Other things are wrong with your code. First, the order of evaluation of a tuple is unspecified, you should not write `(e1, e2, e3)` where the expressions perform side-effects (since it so happens that in practice `e3` will be evaluated first and `e1` last). You should use `let in` to evaluate them in the correct order.
Furthermore here, the two `Queue.add` return `()`, you can just put them in sequence with a `;`.

Lastly concatenating strings might become inefficient. You should rather use a `Buffer.t` and append to it while performing your BFS (but this may become irrelevant if you are just building the string to debug your function).

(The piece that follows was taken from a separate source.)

(* Consider the electric ride-hailing vehicle routing and charging (eRIVER) model described in the context. Suppose that the meeting-probability function $f$ and the charging-waiting-time function $g$ are continuous in the aggregate vehicle flows $(\mathbf{y},\mathbf{z})$. Then there exists at least one mean-field equilibrium of the eRIVER problem, i.e. a mean policy $\bar{\pi}^*\in\Omega$ such that $$\bar{\pi}^* \in \arg\max_{\pi\in\Omega} V_\rho\big(\pi \,\big|\, \mu(\bar{\pi}^* )\big).$$
   Context: Market. Time is discretized into steps $t=0,1,\dots,T-1$ of equal length. There is a finite set $\mathcal{N}$ of service zones and a finite set $\mathcal{L}$ of charging stations, each station having capacity $C$ and charging efficiency $e$. Travel times $\tau_{ij}$ (zone $i$ to zone $j$) and $\tau_{il}$ (zone $i$ to station $l$) are positive integers (in time steps). For each zone $i$, $\mathcal{N}_i$ denotes zone $i$ together with its neighbouring zones and $\mathcal{L}_i$ the stations at the boundary of zone $i$; for each station $l$, $\mathcal{N}_l$ denotes its neighbouring zones. A fleet of $M$ homogeneous electric vehicles operates, each with battery capacity $B$ (an integer); the state of charge (SOC) $b\in\{0,\dots,B\}$ decreases by one unit per time step of driving. A vehicle that starts charging at SOC $b<B$ charges for $\hat{\tau}_b=\lceil (B-b)/e\rceil$ time steps and leaves the station fully charged. Passenger demand $q^t_i\ge 0$ arrives in zone $i$ at time $t$, a fraction $\alpha^t_{ij}$ of which travels to zone $j$ (with $\sum_j\alpha^t_{ij}=1$); $p_{jk}$ is the fare of a trip from $j$ to $k$, $c_l$ the charging price per time step at station $l$, and $\kappa$ a penalty for running out of battery. Aggregate flows (nonnegative reals, the fleet being treated as a continuum). $y^t_{i,b}$ = idle vehicles in zone $i$ at time $t$ with SOC $b$; $z^t_{l,b}$ = vehicles arriving at station $l$ at time $t$ with SOC $b$; $\mathbf{y}=\{y^t_{i,b}\}$, $\mathbf{z}=\{z^t_{l,b}\}$. The meeting probability (probability that an idle vehicle in zone $i$ at time $t$ picks up a passenger after one step of search) is $m^t_i=f(q^t_i,y^t_i;\theta^t_i)\in[0,1]$, where $y^t_i=\sum_{b>0}y^t_{i,b}$ and $\theta^t_i$ is a given parameter, with $f$ nondecreasing in $q$ and nonincreasing in $y$. The waiting time $\omega\in\mathbb{N}$ before starting to charge, for a vehicle arriving at station $l$ at time $t$, has probability mass function $w^t_l(\omega)=g(\mathbf{z}_{\le t,l},\omega)$, where $\mathbf{z}_{\le t,l}=\{z^{t'}_{l,b}\}_{t'\le t,b}$, $w^t_l(\omega)\in[0,1]$ and $\sum_\omega w^t_l(\omega)=1$. Individual MDP. States are $s=(t,k,b)$ with $k\in\mathcal{N}\cup\mathcal{L}\cup\{0\}$ ($k=0$ meaning offline after running out of battery). In zone $i$ the feasible actions are $\mathcal{N}_i\cup\mathcal{L}$; a vehicle about to leave station $l$ (with SOC $B$) chooses an action in $\mathcal{N}_l$; an offline vehicle stays offline. Transitions: from $(t,i,b)$ choosing zone $j$, the vehicle fails to find a passenger with probability $1-m^t_j$ and moves to $(t+1,j,b-1)$; with probability $m^t_j\alpha^t_{jk}$ it picks up a passenger to $k$ (reward $p_{jk}$) and, if it has sufficient battery, moves to $(t+1+\tau_{jk},k,b-1-\tau_{jk})$. Choosing station $l$, the vehicle travels to $l$, waits $\omega$ steps with probability $w^{t+\tau_{il}}_l(\omega)$, then charges (reward $-c_l\hat{\tau}_{b-\tau_{il}}$) and moves to $(t+\tau_{il}+\omega+\hat{\tau}_{b-\tau_{il}},l,B)$. Running out of battery leads to the offline state with reward $\kappa$ (a large penalty); all other rewards are zero. A policy $\pi$ maps each state to a probability distribution over feasible actions; $\Omega$ is the (compact) set of such policies. Given an initial state distribution $\rho$ and flows $(\mathbf{y},\mathbf{z})$ (which determine the transition probabilities through $m$ and $w$), the value is the undiscounted expected total reward $V_\rho(\pi|\mathbf{y},\mathbf{z})=\mathbb{E}_{s_0\sim\rho}\big[\mathbb{E}_{a\sim\pi(\cdot|s),\,(s,a,s')\sim P(\cdot|\mathbf{y},\mathbf{z})}[\sum_{(s,a,s')}r(s,a,s')\mid s_0]\big]$. Mean policy and flow map $\mu$. The mean policy is $\bar{\pi}=\int_\Omega \pi\,\delta(\pi)\,d\pi$ for a density $\delta$ of policies over the fleet. Let $x^t_{k,b}$ be the flow of vehicles at location $k\in\mathcal{N}\cup\mathcal{L}$ at time $t$ with SOC $b$ about to make a decision, with $x^0_{k,b}=M\rho((0,k,b))$. The flows are generated recursively by $y^t_i=\sum_{k\in\mathcal{N}_i}\sum_{b>0}x^t_{k,b}\,\bar{\pi}(i|(t,k,b))+\sum_{k\in\mathcal{L}_i}x^t_{k,B}\,\bar{\pi}(i|(t,k,B))$ (and correspondingly per SOC $b$), $z^t_l=\sum_{k\in\mathcal{N}}\sum_{b\ge\tau_{kl}}x^{t-\tau_{kl}}_{k,b}\,\bar{\pi}(l|(t-\tau_{kl},k,b))$ (and correspondingly per SOC), for $k\in\mathcal{N}$: $x^t_{k,b}=(1-m^{t-1}_k)y^{t-1}_{k,b+1}+\sum_{t'=1}^{t}\sum_{i\in\mathcal{N}:\,t=t'+1+\tau_{ik}}\alpha^{t'}_{ik}m^{t'}_i y^{t'}_{i,b+\tau_{ik}}$, for $k\in\mathcal{L}$: $x^t_{k,B}=\sum_b\sum_\omega w^{t-\omega-\hat{\tau}_b}_k(\omega)\,z^{t-\omega-\hat{\tau}_b}_{k,b}$. The resulting map from mean policy to flows is denoted $(\mathbf{y},\mathbf{z})=\mu(\bar{\pi})$. A mean policy $\bar{\pi}^*$ is a mean-field equilibrium (MFE) of eRIVER if $\bar{\pi}^*\in\arg\max_{\pi}V_\rho(\pi|\mu(\bar{\pi}^* ))$. *)

theory Defs
  imports "HOL-Analysis.Analysis"
begin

Thanks for replying. This definitely solves the issue, but the following is not clear to me. I try with this modification:

`| Node (i,t1,t2) -> let w = Queue.pop q in Queue.add t1 q; Queue.add t2 q; string_of_int(i)^" "^(bdd w q)`

To ensure that they happen in sequence, still, I see the output 4 4 2 5 2 5 1 3 6 7 1 3 6 7. What is making this repeat twice?

I don’t know how you modified the whole function, but you should not pop the queue after the `match`.
Otherwise you are processing the original tree twice, hence the behavior you observe. If you look at your original code, let’s call `t0` the whole example tree.

1. you create a queue `q` and add `t0` to it. Then you call `bdd t0 q`
2. in `bdd` you match on `t0` so you will add it subtrees to the queue
3. in the `Node ... ->` branch, you pop from the queue (hence `w` is again `t0`) and you call `bdd w q`.

So clearly your function is called twice on the root of the tree which is wrong.

Thanks for explaining that - makes full sense now.

You can look at the documentation for the `Buffer` module here. It is similar to Java’s `StringBuffer` class.